Пропустив два раза мимо себя польский, Екатерина в сопровождении торжествующего, не знавшего, как выразить свою радость, хозяина и прочих знатнейших персон прошла в гостиную. Пары разошлись, но сейчас составились опять, и начались настоящие уже танцы. Танцевали менуэт, галопад, матродур, экосез, танцевали, соблюдая все правила и выделывая старательно каждое па.

Кроме самого хозяина, возле государыни находились князь Зубов, граф Строганов, Протасова, графиня Браницкая, Эстергази, дежурный генерал-адъютант Пассек.

Императрица несколько раз осмотрелась кругом, ища глазами своего всегдашнего собеседника, обер-шталмейстера Нарышкина, большого весельчака и забавника, известного больше под именем «Левушки». Его не было здесь.
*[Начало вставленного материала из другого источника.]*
(* Let $K$ be a finite field of characteristic $p$ and order $q$, let $s$ be a positive integer with $\gcd(s,q-1)=1$, let $k$ be a positive integer and $t=(t_1,\dots,t_k)\in(K^\times)^k$. Then in the group algebra $L[K^\times]$, $$W^{[t]}=W\,V^{[t]},$$ where $W=\sum_{u\in K^\times}W_u[u]$, $W^{[t]}=\sum_{u\in K^\times}W_{t_1u}\cdots W_{t_ku}[u]$ and $V^{[t]}=\sum_{u\in K^\times}(Q^t_{1,u}-Q^t_{1,0})[u]$.
   Context: $\zeta=\exp(2\pi i/p)$, $\psi(x)=\zeta^{\mathrm{Tr}(x)}$ with $\mathrm{Tr}$ the absolute trace of $K$ to $\mathbb{F}_p$; $W_u=\sum_{x\in K}\psi(x^s-ux)$. $L=\mathbb{Q}(\zeta,\xi)$ with $\xi=\exp(2\pi i/(q-1))$, and $L[K^\times]$ is the group algebra of $K^\times$ over $L$, elements written $\sum_u S_u[u]$. Let $1/s$ denote the inverse of $s$ modulo $q-1$. For $a,b\in K$, $Q^t_{a,b}$ is the number of $v=(v_1,\dots,v_k)\in K^k$ with $t_1v_1+\cdots+t_kv_k=a$ and $(v_1^s+\cdots+v_k^s)^{1/s}=b$. *)

theory Defs
  imports "HOL-Analysis.Analysis" "HOL-Number_Theory.Cong"
begin

(* K is modelled as a finite field type 'a :: {field, finite};
   p = CHAR('a), q = CARD('a), q = p ^ ff_deg. *)

definition ff_deg :: "'a::{field,finite} itself \<Rightarrow> nat" where
  "ff_deg _ = (LEAST n. CHAR('a) ^ n = CARD('a))"

(* absolute trace K -> F_p (values in the prime subfield of K) *)
definition abs_trace :: "'a::{field,finite} \<Rightarrow> 'a" where
  "abs_trace x = (\<Sum>j<ff_deg TYPE('a). x ^ (CHAR('a) ^ j))"

(* representative in {0..p-1} of the trace, viewed as an element of F_p *)
definition trace_nat :: "'a::{field,finite} \<Rightarrow> nat" where
  "trace_nat x = (LEAST m. of_nat m = abs_trace x)"

definition psi :: "'a::{field,finite} \<Rightarrow> complex" where
  "psi x = exp (2 * pi * \<i> * of_nat (trace_nat x) / of_nat CHAR('a))"

definition W :: "nat \<Rightarrow> 'a::{field,finite} \<Rightarrow> complex" where
  "W s u = (\<Sum>x\<in>UNIV. psi (x ^ s - u * x))"

(* 1/s: an inverse of s modulo q-1, taken positive *)
definition inv_exp :: "'a::{field,finite} itself \<Rightarrow> nat \<Rightarrow> nat" where
  "inv_exp _ s = (SOME s'. s' > 0 \<and> [s * s' = 1] (mod (CARD('a) - 1)))"

(* Q^t_{a,b} : vectors v in K^k (functions on {..<k}) *)
definition Q :: "nat \<Rightarrow> nat \<Rightarrow> (nat \<Rightarrow> 'a::{field,finite}) \<Rightarrow> 'a \<Rightarrow> 'a \<Rightarrow> nat" where
  "Q s k t a b = card {v \<in> PiE {..<k} (\<lambda>_. UNIV).
      (\<Sum>i<k. t i * v i) = a \<and> (\<Sum>i<k. v i ^ s) ^ inv_exp TYPE('a) s = b}"

(* multiplication in the group algebra C[K^x]; elements are coefficient
   functions K -> complex, only values at nonzero u matter *)
definition ga_mult :: "('a::field \<Rightarrow> complex) \<Rightarrow> ('a \<Rightarrow> complex) \<Rightarrow> 'a \<Rightarrow> complex" where
  "ga_mult S T u = (\<Sum>a\<in>{x. x \<noteq> 0}. \<Sum>b\<in>{x. x \<noteq> 0}. if a * b = u then S a * T b else 0)"

definition Wcoef :: "nat \<Rightarrow> 'a::{field,finite} \<Rightarrow> complex" where
  "Wcoef s u = W s u"

definition Wt_coef :: "nat \<Rightarrow> nat \<Rightarrow> (nat \<Rightarrow> 'a::{field,finite}) \<Rightarrow> 'a \<Rightarrow> complex" where
  "Wt_coef s k t u = (\<Prod>i<k. W s (t i * u))"

definition Vt_coef :: "nat \<Rightarrow> nat \<Rightarrow> (nat \<Rightarrow> 'a::{field,finite}) \<Rightarrow> 'a \<Rightarrow> complex" where
  "Vt_coef s k t u = of_int (int (Q s k t 1 u) - int (Q s k t 1 0))"

end

theory Submission
  imports Defs "HOL-Computational_Algebra.Polynomial"
begin

(* Expanding the product, W^[t]_u is the sum of psi(B v - u A v) over v in K^k, where
   A v = t_1 v_1 + ... + t_k v_k and B v = v_1^s + ... + v_k^s.  Since x \<mapsto> x^s permutes K,
   the sum of psi(B v) vanishes and may be subtracted; then the vectors with A v = 0 contribute
   nothing, and every other vector is uniquely y w with y \<noteq> 0 and A w = 1.  For such w, with
   r = (B w)^(1/s), the sum over y is W_(u/r) if r \<noteq> 0, and -q = -(sum of the W_a, a \<noteq> 0)
   if r = 0.  Grouping the w by r gives the coefficients of W V^[t].

   That psi is a nontrivial additive character rests on the absolute trace being additive,
   fixed by Frobenius (so with values in the prime field) and not identically zero; all three
   use that q is a power of p. *)

section \<open>Finite fields\<close>

lemma prime_CHAR_finite_field: "prime CHAR('a::{field,finite})"
  by (rule prime_CHAR_semidom) (simp add: finite_imp_CHAR_pos)

lemma CARD_finite_field_ge_2: "CARD('a::{field,finite}) \<ge> 2"
proof -
  have "card {0::'a, 1} \<le> CARD('a)"
    by (rule card_mono) auto
  thus ?thesis by simp
qed

lemma of_nat_power_CHAR: "(of_nat m :: 'a::{field,finite}) ^ CHAR('a) = of_nat m"
proof (induction m)
  case 0
  show ?case using prime_gt_0_nat[OF prime_CHAR_finite_field[where 'a='a]] by simp
next
  case (Suc m)
  then show ?case
    by (simp add: freshmans_dream prime_CHAR_finite_field)
qed

lemma of_nat_inverse_exists:
  assumes "(of_nat m :: 'a::{field,finite}) \<noteq> 0"
  obtains m' where "of_nat m' * (of_nat m :: 'a) = 1"
proof -
  have "coprime CHAR('a) m"
    using assms prime_CHAR_finite_field[where 'a='a]
    by (simp add: of_nat_eq_0_iff_char_dvd prime_imp_coprime)
  then obtain m' where "[m * m' = 1] (mod CHAR('a))"
    using cong_solve_coprime_nat by (auto simp: coprime_commute)
  hence "of_nat (m * m') = (of_nat 1 :: 'a)"
    by (simp only: of_nat_eq_iff_cong_CHAR)
  thus ?thesis
    by (intro that[of m']) (simp add: mult.commute)
qed

definition add_closed :: "'a::monoid_add set \<Rightarrow> bool" where
  "add_closed H \<longleftrightarrow> 0 \<in> H \<and> (\<forall>a\<in>H. \<forall>b\<in>H. a + b \<in> H)"

lemma add_closed_of_nat_mult:
  fixes H :: "'a::semiring_1 set"
  assumes "add_closed H" "h \<in> H"
  shows "of_nat m * h \<in> H"
  using assms by (induction m) (auto simp: add_closed_def distrib_right)

lemma add_closed_uminus:
  fixes H :: "'a::{field,finite} set"
  assumes "add_closed H" "h \<in> H"
  shows "- h \<in> H"
proof -
  have "CHAR('a) \<ge> 1"
    using prime_ge_1_nat[OF prime_CHAR_finite_field[where 'a='a]] .
  hence "(of_nat (CHAR('a) - 1) :: 'a) = - 1"
    by (simp add: of_nat_diff)
  thus ?thesis
    using add_closed_of_nat_mult[OF assms, of "CHAR('a) - 1"] by simp
qed

lemma add_closed_adjoin:
  fixes H :: "'a::{field,finite} set"
  assumes H: "add_closed H"
  shows "add_closed ((\<lambda>(h, j). h + of_nat j * x) ` (H \<times> {..<CHAR('a)}))" (is "add_closed ?H'")
  unfolding add_closed_def
proof (intro conjI ballI)
  let ?p = "CHAR('a)"
  have p: "?p > 0"
    using prime_gt_0_nat[OF prime_CHAR_finite_field[where 'a='a]] .
  show "0 \<in> ?H'"
    using H p unfolding add_closed_def by (force intro: image_eqI[of _ _ "(0, 0)"])
  fix a b
  assume "a \<in> ?H'" "b \<in> ?H'"
  then obtain h1 j1 h2 j2 where h: "h1 \<in> H" "h2 \<in> H"
    and ab: "a = h1 + of_nat j1 * x" "b = h2 + of_nat j2 * x"
    by auto
  have "a + b = (h1 + h2) + of_nat (j1 + j2) * x"
    using ab by (simp add: algebra_simps)
  also have "(of_nat (j1 + j2) :: 'a) = of_nat ((j1 + j2) mod ?p)"
    unfolding of_nat_eq_iff_cong_CHAR by (simp add: cong_def)
  finally have "a + b = (h1 + h2) + of_nat ((j1 + j2) mod ?p) * x" .
  moreover have "h1 + h2 \<in> H"
    using H h unfolding add_closed_def by blast
  ultimately show "a + b \<in> ?H'"
    using p by force
qed

lemma add_closed_adjoin_collision:
  fixes H :: "'a::{field,finite} set"
  assumes H: "add_closed H" and h: "h1 \<in> H" "h2 \<in> H" and j: "j2 < j1" "j1 < CHAR('a)"
    and eq: "h1 + of_nat j1 * x = h2 + of_nat j2 * x"
  shows "x \<in> H"
proof -
  have "\<not> CHAR('a) dvd (j1 - j2)"
    using j by (auto dest!: dvd_imp_le)
  hence "(of_nat (j1 - j2) :: 'a) \<noteq> 0"
    by (simp add: of_nat_eq_0_iff_char_dvd)
  then obtain m where m: "of_nat m * (of_nat (j1 - j2) :: 'a) = 1"
    by (rule of_nat_inverse_exists)
  have "h1 + of_nat (j1 - j2) * x = h2"
    using eq j by (simp add: of_nat_diff algebra_simps)
  hence "of_nat m * h1 + (of_nat m * of_nat (j1 - j2)) * x = of_nat m * h2"
    by (metis distrib_left mult.assoc)
  hence "x = of_nat m * h2 + - (of_nat m * h1)"
    using m by (simp add: algebra_simps)
  moreover have "of_nat m * h2 \<in> H" "- (of_nat m * h1) \<in> H"
    using h add_closed_of_nat_mult add_closed_uminus H by blast+
  ultimately show ?thesis
    using H unfolding add_closed_def by metis
qed

lemma inj_on_add_closed_adjoin:
  fixes H :: "'a::{field,finite} set"
  assumes "add_closed H" "x \<notin> H"
  shows "inj_on (\<lambda>(h, j). h + of_nat j * x) (H \<times> {..<CHAR('a)})"
proof (rule inj_onI, clarify)
  fix h1 j1 h2 j2
  assume h: "h1 \<in> H" "h2 \<in> H" "j1 < CHAR('a)" "j2 < CHAR('a)"
    and eq: "h1 + of_nat j1 * x = h2 + of_nat j2 * x"
  have "j1 = j2"
    using add_closed_adjoin_collision[OF assms(1) h(1,2) _ h(3) eq]
      add_closed_adjoin_collision[OF assms(1) h(2,1) _ h(4) eq[symmetric]] assms(2)
    by (metis linorder_neqE_nat)
  thus "h1 = h2 \<and> j1 = j2"
    using eq by simp
qed

text \<open>Adjoining elements one at a time to \<open>{0}\<close> gives additively closed sets whose sizes are
  successive powers of \<open>p\<close>, until the whole field is reached.\<close>

lemma CARD_eq_CHAR_power: "\<exists>n. CARD('a::{field,finite}) = CHAR('a) ^ n"
proof -
  let ?p = "CHAR('a)"
  have "\<exists>n. CARD('a) = ?p ^ n" if "add_closed (H :: 'a set)" "card H = ?p ^ m" for H m
    using that
  proof (induction "CARD('a) - card H" arbitrary: H m rule: less_induct)
    case less
    show ?case
    proof (cases "H = UNIV")
      case True
      thus ?thesis using less.prems by auto
    next
      case False
      then obtain x where x: "x \<notin> H" by auto
      define H' where "H' = (\<lambda>(h, j). h + of_nat j * x) ` (H \<times> {..<?p})"
      have H': "add_closed H'" "card H' = ?p ^ Suc m"
        using add_closed_adjoin[OF less.prems(1)] inj_on_add_closed_adjoin[OF less.prems(1) x]
          less.prems(2)
        by (simp_all add: H'_def card_image card_cartesian_product)
      have "card H < card H'"
        using H'(2) less.prems(2) prime_ge_2_nat[OF prime_CHAR_finite_field[where 'a='a]]
        by simp
      moreover have "card H' \<le> CARD('a)"
        by (rule card_mono) auto
      ultimately show ?thesis
        by (intro less.hyps[OF _ H']) simp
    qed
  qed
  from this[of "{0}" 0] show ?thesis
    by (simp add: add_closed_def)
qed

lemma CHAR_power_ff_deg: "CHAR('a::{field,finite}) ^ ff_deg TYPE('a) = CARD('a)"
  unfolding ff_deg_def using CARD_eq_CHAR_power[where 'a='a] by (metis (mono_tags) LeastI)

lemma ff_deg_pos: "ff_deg TYPE('a::{field,finite}) > 0"
  using CHAR_power_ff_deg[where 'a='a] CARD_finite_field_ge_2[where 'a='a]
  by (cases "ff_deg TYPE('a)") auto

lemma power_CARD_minus_1:
  assumes "(x::'a::{field,finite}) \<noteq> 0"
  shows "x ^ (CARD('a) - 1) = 1"
proof -
  let ?N = "UNIV - {0::'a}"
  have "x ^ card ?N * \<Prod>?N = (\<Prod>y\<in>?N. x * y)"
    by (simp add: prod.distrib)
  also have "\<dots> = \<Prod>?N"
    by (rule prod.reindex_bij_witness[of _ "\<lambda>y. y / x" "\<lambda>y. x * y"]) (use assms in auto)
  finally have "x ^ card ?N = 1"
    by simp
  moreover have "card ?N = CARD('a) - 1"
    by (simp add: card_Diff_singleton)
  ultimately show ?thesis by simp
qed

lemma power_CARD: "(x::'a::{field,finite}) ^ CARD('a) = x"
proof (cases "x = 0")
  case False
  have "x ^ CARD('a) = x * x ^ (CARD('a) - 1)"
    using CARD_finite_field_ge_2[where 'a='a] by (simp flip: power_Suc)
  thus ?thesis
    using power_CARD_minus_1[OF False] by simp
qed (use CARD_finite_field_ge_2[where 'a='a] in simp)

section \<open>The absolute trace and the additive character\<close>

lemma abs_trace_add: "abs_trace (x + y) = abs_trace x + abs_trace (y::'a::{field,finite})"
  unfolding abs_trace_def by (simp add: freshmans_dream'[OF prime_CHAR_finite_field] sum.distrib)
– А что же Льва Александровича не видно? – обратилась она к Безбородко.

Тот торопливо стал оглядываться.

– Уж не заболел ли, не дай Бог? – спросила опять императрица.

– Можно дослать, государыня, я мигом прикажу! – пробормотал Безбородко, делая движение вперед.

Но в это время среди расступившейся и пропускавшей его толпы показался Нарышкин в своем расшитом золотом и камнями кафтане. Он поспешно пробирался к дверям гостиной, то и дело кланяясь и здороваясь на ходу с отовсюду почтительно и вместе с тем дружелюбно приветствовавшими его лицами.

– А, вот вы наконец! – ласково улыбнулась ему императрица. – Я заметила ваше отсутствие, Лев Александрович.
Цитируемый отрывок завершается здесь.